After rotating my Telegram bot token, I updated ~/.openclaw/.env with the new token. Gateway restarts are not picking it up — still getting 401 Unauthorized on deleteWebhook every retry cycle.

What I've tried:

Updated TELEGRAM_BOT_TOKEN in ~/.openclaw/.env
openclaw secrets reload → says reloaded, no unresolved refs
openclaw gateway restart → Telegram still 401s on next attempt
Status output shows:

Copy
│ Telegram │ ON │ WARN │ token env (8612…jnww · len 46)
Token length 46, correct <id>:<hash> format, colon present, numeric ID.

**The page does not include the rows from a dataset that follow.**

(* Let $S_\psi\subset\mathbb{R}^3$ be the surface of revolution parametrized by $(r,\theta)\mapsto(\psi(r)\cos\theta,\psi(r)\sin\theta,\chi(r))$, $(r,\theta)\in[r_1,r_2]\times[0,2\pi)$, and let $\Omega=\{(\psi(r)\cos\theta,\psi(r)\sin\theta,\chi(r)) : r\in[0,a],\ \theta\in(0,2\pi]\}$ with $r_1\le0<a\le r_2$. Let $0<R_1<R_2<a$, $\beta>0$, $B>\overline B:=\max_{[0,a]}|(\psi'/\psi)'|$, let $z_1$ be the solution of $\big[\frac{(\psi z)'}{\psi}\big]'-Bz=0$ in $[0,R_1)$ with $z(0)=0$, $z'(0)=1$, let $z_2$ be the solution of the same equation in $(R_2,a]$ with $z(a)=\beta$, $z'(a)=-1$, and let $z=z_\beta$ be defined by $z=z_1$ on $[0,R_1)$, $z=z_3$ on $[R_1,R_2]$, $z=z_2$ on $(R_2,a]$, where $z_3$ is any positive smooth function such that $z$ is smooth on $[0,a]$. Then there exists $f\in C^1(\mathbb{R})$ such that $Z(r):=\int_0^rz(s)\,ds$ ($r\in[0,a]$) is a stationary solution of $$\Delta Z+f(Z)=0\text{ in }\Omega,\qquad\frac{\partial Z}{\partial\nu}+\alpha Z=0\text{ on }\partial\Omega,\qquad\text{with }\ \alpha=-\frac{\beta}{\int_0^az(r)\,dr},$$ and $Z$ satisfies $$L_a\big[H_a\alpha^2Z(a)^2+\alpha Z(a)f(Z(a))+\alpha^3Z(a)^2\big]+L_0\big[H_0\alpha^2Z(0)^2+\alpha Z(0)f(Z(0))+\alpha^3Z(0)^2\big]<0,$$ where $L_0=2\pi\psi(0)$, $L_a=2\pi\psi(a)$, $H_a=-\frac{\psi'(a)}{\psi(a)}$, $H_0=\frac{\psi'(0)}{\psi(0)}$.
   Context: Here $r\mapsto(\psi(r),\chi(r))$ is a simple regular plane curve, $\psi\in C^2([r_1,r_2])$, $\psi>0$ on $[r_1,r_2]$, $(\psi')^2+(\chi')^2=1$, and $\chi'(0)>0$, $\chi'(a)>0$. $S_\psi$ carries the metric $dr^2+\psi(r)^2d\theta^2$, with Laplace–Beltrami operator $\Delta u=u_{rr}+\frac{\psi'}{\psi}u_r+\frac1{\psi^2}u_{\theta\theta}$; $\partial\Omega$ consists of the circles $r=0$ and $r=a$ with outer unit normal $\nu=-\partial_r$ on $r=0$ and $\nu=\partial_r$ on $r=a$. A radial function $Z(r)$ is viewed as a function on $\Omega$. *)

theory Defs
  imports "HOL-Analysis.Analysis"
begin

text \<open>Laplace--Beltrami operator of the metric dr^2 + psi(r)^2 dtheta^2 on S_psi,
  written in the coordinates (r, theta), applied to u r theta.\<close>
definition LB_laplacian :: "(real \<Rightarrow> real) \<Rightarrow> (real \<Rightarrow> real \<Rightarrow> real) \<Rightarrow> real \<Rightarrow> real \<Rightarrow> real" where
  "LB_laplacian psi u r \<theta> =
     deriv (\<lambda>s. deriv (\<lambda>t. u t \<theta>) s) r
     + deriv psi r / psi r * deriv (\<lambda>t. u t \<theta>) r
     + 1 / (psi r)^2 * deriv (\<lambda>s. deriv (\<lambda>t. u r t) s) \<theta>"

text \<open>u (in coordinates (r,theta), r in [0,a], theta in (0,2pi]) is a (classical) stationary
  solution of  Delta u + f(u) = 0 in Omega,  du/dnu + alpha u = 0 on dOmega,
  where dOmega = {r = 0} (nu = -d/dr) union {r = a} (nu = d/dr).\<close>
definition stationary_solution ::
  "(real \<Rightarrow> real) \<Rightarrow> real \<Rightarrow> (real \<Rightarrow> real) \<Rightarrow> real \<Rightarrow> (real \<Rightarrow> real \<Rightarrow> real) \<Rightarrow> bool" where
  "stationary_solution psi a f alpha u \<longleftrightarrow>
     (\<forall>r \<theta>. 0 < r \<and> r < a \<and> 0 < \<theta> \<and> \<theta> \<le> 2 * pi \<longrightarrow>
        (\<lambda>t. u t \<theta>) differentiable (at r) \<and> deriv (\<lambda>t. u t \<theta>) differentiable (at r) \<and>
        (\<lambda>t. u r t) differentiable (at \<theta>) \<and> deriv (\<lambda>t. u r t) differentiable (at \<theta>) \<and>
        LB_laplacian psi u r \<theta> + f (u r \<theta>) = 0) \<and>
     (\<forall>\<theta>. 0 < \<theta> \<and> \<theta> \<le> 2 * pi \<longrightarrow>
        (\<exists>d. ((\<lambda>t. u t \<theta>) has_real_derivative d) (at 0 within {0..a}) \<and> - d + alpha * u 0 \<theta> = 0)) \<and>
     (\<forall>\<theta>. 0 < \<theta> \<and> \<theta> \<le> 2 * pi \<longrightarrow>
        (\<exists>d. ((\<lambda>t. u t \<theta>) has_real_derivative d) (at a within {0..a}) \<and> d + alpha * u a \<theta> = 0))"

Log error (repeating, auto-restart loop):

Copy
telegram deleteWebhook failed: Call to 'deleteWebhook' failed! (401: Unauthorized)
[default] channel exited: Call to 'deleteWebhook' failed! (401: Unauthorized)
[default] auto-restart attempt N/10 in Xs
My openclaw.json telegram section has NO token field — token comes entirely from .env. No hardcoded values.

Questions:

Does secrets reload actually hot-swap the Telegram token, or does it require a full gateway restart?
Is there a way to force the channel to re-read the token without a full restart?
Could the old token still be cached somewhere other than .env or openclaw.json?
OpenClaw version: (run openclaw --version and add it)
Node: 24.14.1 / macOS Darwin 25.4.0 arm64

Let me verify this against the actual docs and code path for Telegram config loading.

I found the important bit: runtime secrets reload swaps the active snapshot, but the .env loader is additive only. I’m checking whether macOS service installs can also keep an older token in the service environment, which would explain why even a restart still shows the old one.

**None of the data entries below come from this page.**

(* Assume $\lambda_1<\lambda_2$ and $\lambda_1<\lambda_3$, fix $a,b>0$ and $\Delta>0$ large enough that the contour $L$ and the function $\varphi$ below are defined, and let $E_1=\{y\in\mathbb Z^2: y_2>0,y_3>0\}$. Then: (1) for every $y\in E_1$, $\sum_{z\ne y}s_{yz}(\varphi(z)-\varphi(y))=\langle (u_2^{-1},u_3^{-1}),M_F\rangle$ with $M_F=(\lambda_2-\lambda_1,\lambda_3-\lambda_1)$, in particular it does not depend on $y$; (2) there exist constants $C,\gamma>0$ such that $\sum_{z\ne y}r_{yz}(\varphi(z)-\varphi(y))\le-\gamma\,\varphi(y)$ for all $y\in E_1$ with $\varphi(y)>C$.
   Context: Markov chain $Y(n)=(y_2,y_3)\in\mathbb Z^2$ (relative coordinates of the 3-processor cascade model, time normalized so that $\lambda_1+\lambda_2+\lambda_3+\beta_{12}+\beta_{23}=1$, all parameters positive), with transition probabilities $p_{yz}=s_{yz}+r_{yz}$ for $z\ne y$. Free part: $s_{y,y+(1,0)}=\lambda_2$, $s_{y,y+(0,1)}=\lambda_3$, $s_{y,y-(1,1)}=\lambda_1$, others $0$. Rollback part ($b_2=\lambda_2/(\lambda_2+\beta_{23})$): if $y_2>0,y_3\le0$: $r_{y,(0,y_3)}=\beta_{12}$; if $y_2<y_3$: $\beta_{23}$ is added to $r_{y,(y_2,y_2)}$; if $0<y_3\le y_2$: $\beta_{12}(1-b_2)^{z_3}b_2$ is added to $r_{y,(0,z_3)}$ for $0\le z_3<y_3$ and $\beta_{12}(1-b_2)^{y_3}$ to $r_{y,(0,y_3)}$; if $0<y_2<y_3$: $\beta_{12}(1-b_2)^{z_3}b_2$ is added to $r_{y,(0,z_3)}$ for $0\le z_3\le y_2$ and $\beta_{12}(1-b_2)^{y_2+1}$ to $r_{y,(0,y_3)}$. Contour $L$: with $e(y)=ay_2^2+b(y_2-y_3)^2$, let $T_3$, $T_2$ be the points of the ellipse $\{e=1\}$ where the outer normal has direction $(-\Delta,1)$, resp. $(1,-\Delta)$; $K_3=(0,u_3)$ is where the tangent at $T_3$ meets the $y_3$-axis and $K_2=(u_2,0)$ where the tangent at $T_2$ meets the $y_2$-axis ($u_2,u_3>0$). $L$ consists of segment $K_3K_2$, segment $K_2T_2$, the ellipse arc $T_2T_3$ through $(-a^{-1/2},-a^{-1/2})$, and segment $T_3K_3$; each open ray from $0$ meets $L$ once. $\varphi(0)=0$ and for $y\ne0$, $\varphi(y)>0$ is the unique number with $y/\varphi(y)\in L$ (so $\varphi(y)=y_2/u_2+y_3/u_3$ on the closed positive quadrant). *)

theory Defs
  imports "HOL-Analysis.Analysis"
begin

(* Points of Z^2 are pairs (y2, y3) :: int \<times> int; fst = y_2, snd = y_3. *)

type_synonym pt = "int \<times> int"

definition rpt :: "pt \<Rightarrow> real \<times> real" where
  "rpt y = (real_of_int (fst y), real_of_int (snd y))"

definition s_free :: "real \<Rightarrow> real \<Rightarrow> real \<Rightarrow> pt \<Rightarrow> pt \<Rightarrow> real" where
  "s_free l1 l2 l3 y z =
     (if z = (fst y + 1, snd y) then l2 else 0)
   + (if z = (fst y, snd y + 1) then l3 else 0)
   + (if z = (fst y - 1, snd y - 1) then l1 else 0)"

definition r_roll :: "real \<Rightarrow> real \<Rightarrow> real \<Rightarrow> pt \<Rightarrow> pt \<Rightarrow> real" where
  "r_roll l2 b12 b23 y z =
    (let y2 = fst y; y3 = snd y; z2 = fst z; z3 = snd z; b2 = l2 / (l2 + b23) in
       (if y2 > 0 \<and> y3 \<le> 0 \<and> z = (0, y3) then b12 else 0)
     + (if y2 < y3 \<and> z = (y2, y2) then b23 else 0)
     + (if 0 < y3 \<and> y3 \<le> y2 \<and> z2 = 0 \<and> 0 \<le> z3 \<and> z3 < y3
          then b12 * (1 - b2) ^ nat z3 * b2 else 0)
     + (if 0 < y3 \<and> y3 \<le> y2 \<and> z = (0, y3) then b12 * (1 - b2) ^ nat y3 else 0)
     + (if 0 < y2 \<and> y2 < y3 \<and> z2 = 0 \<and> 0 \<le> z3 \<and> z3 \<le> y2
          then b12 * (1 - b2) ^ nat z3 * b2 else 0)
     + (if 0 < y2 \<and> y2 < y3 \<and> z = (0, y3) then b12 * (1 - b2) ^ nat (y2 + 1) else 0))"

definition ell :: "real \<Rightarrow> real \<Rightarrow> real \<times> real \<Rightarrow> real" where
  "ell a b p = a * (fst p)^2 + b * (fst p - snd p)^2"

definition ell_grad :: "real \<Rightarrow> real \<Rightarrow> real \<times> real \<Rightarrow> real \<times> real" where
  "ell_grad a b p = (2 * a * fst p + 2 * b * (fst p - snd p), - 2 * b * (fst p - snd p))"

definition normal_pt :: "real \<Rightarrow> real \<Rightarrow> real \<times> real \<Rightarrow> real \<times> real \<Rightarrow> bool" where
  "normal_pt a b v p \<longleftrightarrow> ell a b p = 1 \<and> (\<exists>c>0. ell_grad a b p = c *\<^sub>R v)"

definition T3 :: "real \<Rightarrow> real \<Rightarrow> real \<Rightarrow> real \<times> real" where
  "T3 a b D = (THE p. normal_pt a b (-D, 1) p)"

Short answer, yes, this smells like stale process/service env, not Telegram-specific caching.

1. openclaw secrets reload

   • It re-resolves the active runtime snapshot.
   • It does not hot-swap a changed ~/.openclaw/.env value if TELEGRAM_BOT_TOKEN is already present in the running process env.
   • In current code, .env loading is additive, it fills missing vars, it does not overwrite existing ones.

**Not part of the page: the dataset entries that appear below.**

section \<open>Discrete Fourier analysis on a grid\<close>

lemma sum_roots_of_unity:
  fixes d :: int and N :: nat
  assumes N: "N > 0" and d: "\<bar>d\<bar> < int N"
  shows "(\<Sum>k<N. cis (2*pi*real k * of_int d / real N)) = (if d = 0 then of_nat N else 0)"
proof (cases "d = 0")
  case True then show ?thesis by simp
next
  case False
  define u where "u = cis (2*pi* of_int d / real N)"
  have pw: "cis (2*pi*real k * of_int d / real N) = u ^ k" for k
  proof -
    have "cis (2*pi*real k * of_int d / real N) = cis (real k * (2*pi * of_int d / real N))"
      by (simp add: field_simps)
    then show ?thesis using Complex.DeMoivre[of "2*pi * of_int d / real N" k] by (simp add: u_def)
  qed
  have uN: "u ^ N = 1"
  proof -
    have "u ^ N = cis (real N * (2*pi * of_int d / real N))"
      unfolding u_def by (rule Complex.DeMoivre)
    also have "real N * (2*pi * of_int d / real N) = 2 * pi * of_int d" using N by simp
    also have "cis (2 * pi * of_int d) = 1" by (rule cis_multiple_2pi) simp
    finally show ?thesis .
  qed
  have u1: "u \<noteq> 1"
  proof
    assume "u = 1"
    then have "exp (\<i> * complex_of_real (2*pi* of_int d / real N)) = 1"
      unfolding u_def cis_conv_exp by simp
    then obtain n :: int where n: "2*pi* of_int d / real N = of_int (2*n) * pi"
      unfolding exp_eq_1 by auto
    then have "of_int d = real N * of_int n" using N by (simp add: field_simps)
    then have dn: "d = int N * n" by (metis of_int_eq_iff of_int_mult of_int_of_nat_eq)
    with False have "\<bar>n\<bar> \<ge> 1" by auto
    then have "int N \<le> int N * \<bar>n\<bar>" by (simp add: mult_le_cancel_left1)
    with dn d show False by (simp add: abs_mult)
  qed
  have "(\<Sum>k<N. cis (2*pi*real k * of_int d / real N)) = (\<Sum>k<N. u ^ k)"
    by (simp add: pw)
  also have "\<dots> = 0" using geometric_sum[OF u1, of N] uN by simp
  finally show ?thesis using False by simp
qed

definition grid_char :: "nat \<Rightarrow> nat^'p::finite \<Rightarrow> nat^'p \<Rightarrow> complex" where
  "grid_char N m n = (\<Prod>j\<in>UNIV. cis (2*pi*real (m$j)*real (n$j)/real N))"
theorem mainTheorem10:
  fixes \<phi> :: "nat \<Rightarrow> 'r::ring_1 \<Rightarrow> 'r"
    and U :: "nat \<Rightarrow> nat \<Rightarrow> nat \<Rightarrow> nat \<Rightarrow> 'r"
  assumes "B_module_algebra \<phi>"
    and "strict_triangular \<phi> U"
  shows "Sym_inf \<phi> U \<subseteq> QSym"
proof -
  have "triangular \<phi> U"
    using assms(2) unfolding strict_triangular_def by blast
  with assms(1) interpret triangular_B_module_algebra \<phi> U
    by unfold_locales
  show ?thesis
    by (rule Sym_inf_subset_QSym)
qed

end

2. Force re-read without full restart

   • For a plain .env token change, not really.
   • If you run the gateway as a managed macOS service, the old token can still live in the launchd service environment.
   • Best fix is:

openclaw --version
openclaw gateway status --deep
openclaw gateway install --force

openclaw gateway restart

3. Could the old token be cached elsewhere?
   Yes:
   • the running gateway process env
   • the macOS LaunchAgent/service env
   • a profile/state-dir mismatch where CLI and service use different ~/.openclaw roots
   • also, TELEGRAM_BOT_TOKEN env fallback is for the default Telegram account only

A couple of important notes:

• 401 Unauthorized on deleteWebhook means Telegram is rejecting the token actually being sent.
• So if restart alone did not help, the most likely cause is that the service is still launching with the old env, or the rotated token itself is not the one for that bot.

Docs:

• https://docs.openclaw.ai/cli/secrets
• https://docs.openclaw.ai/channels/telegram
• https://docs.openclaw.ai/help/faq#env-vars-and-env-loading

If you paste:

• openclaw --version
• openclaw gateway status --deep

I can narrow it down pretty quickly.

finally found a fix: sharing in case it helps someone else. also some suggestion for openclaw.

What Happened
Root cause: The LaunchAgent plist (~/Library/LaunchAgents/ai.openclaw.gateway.plist) bakes all env vars in at install time. The gateway reads from the plist, not .env directly. When you rotated the Telegram token in .env, the plist still had the old token — so every gateway restart kept using the stale one. secrets reload and openclaw gateway restart both do NOT regenerate the plist.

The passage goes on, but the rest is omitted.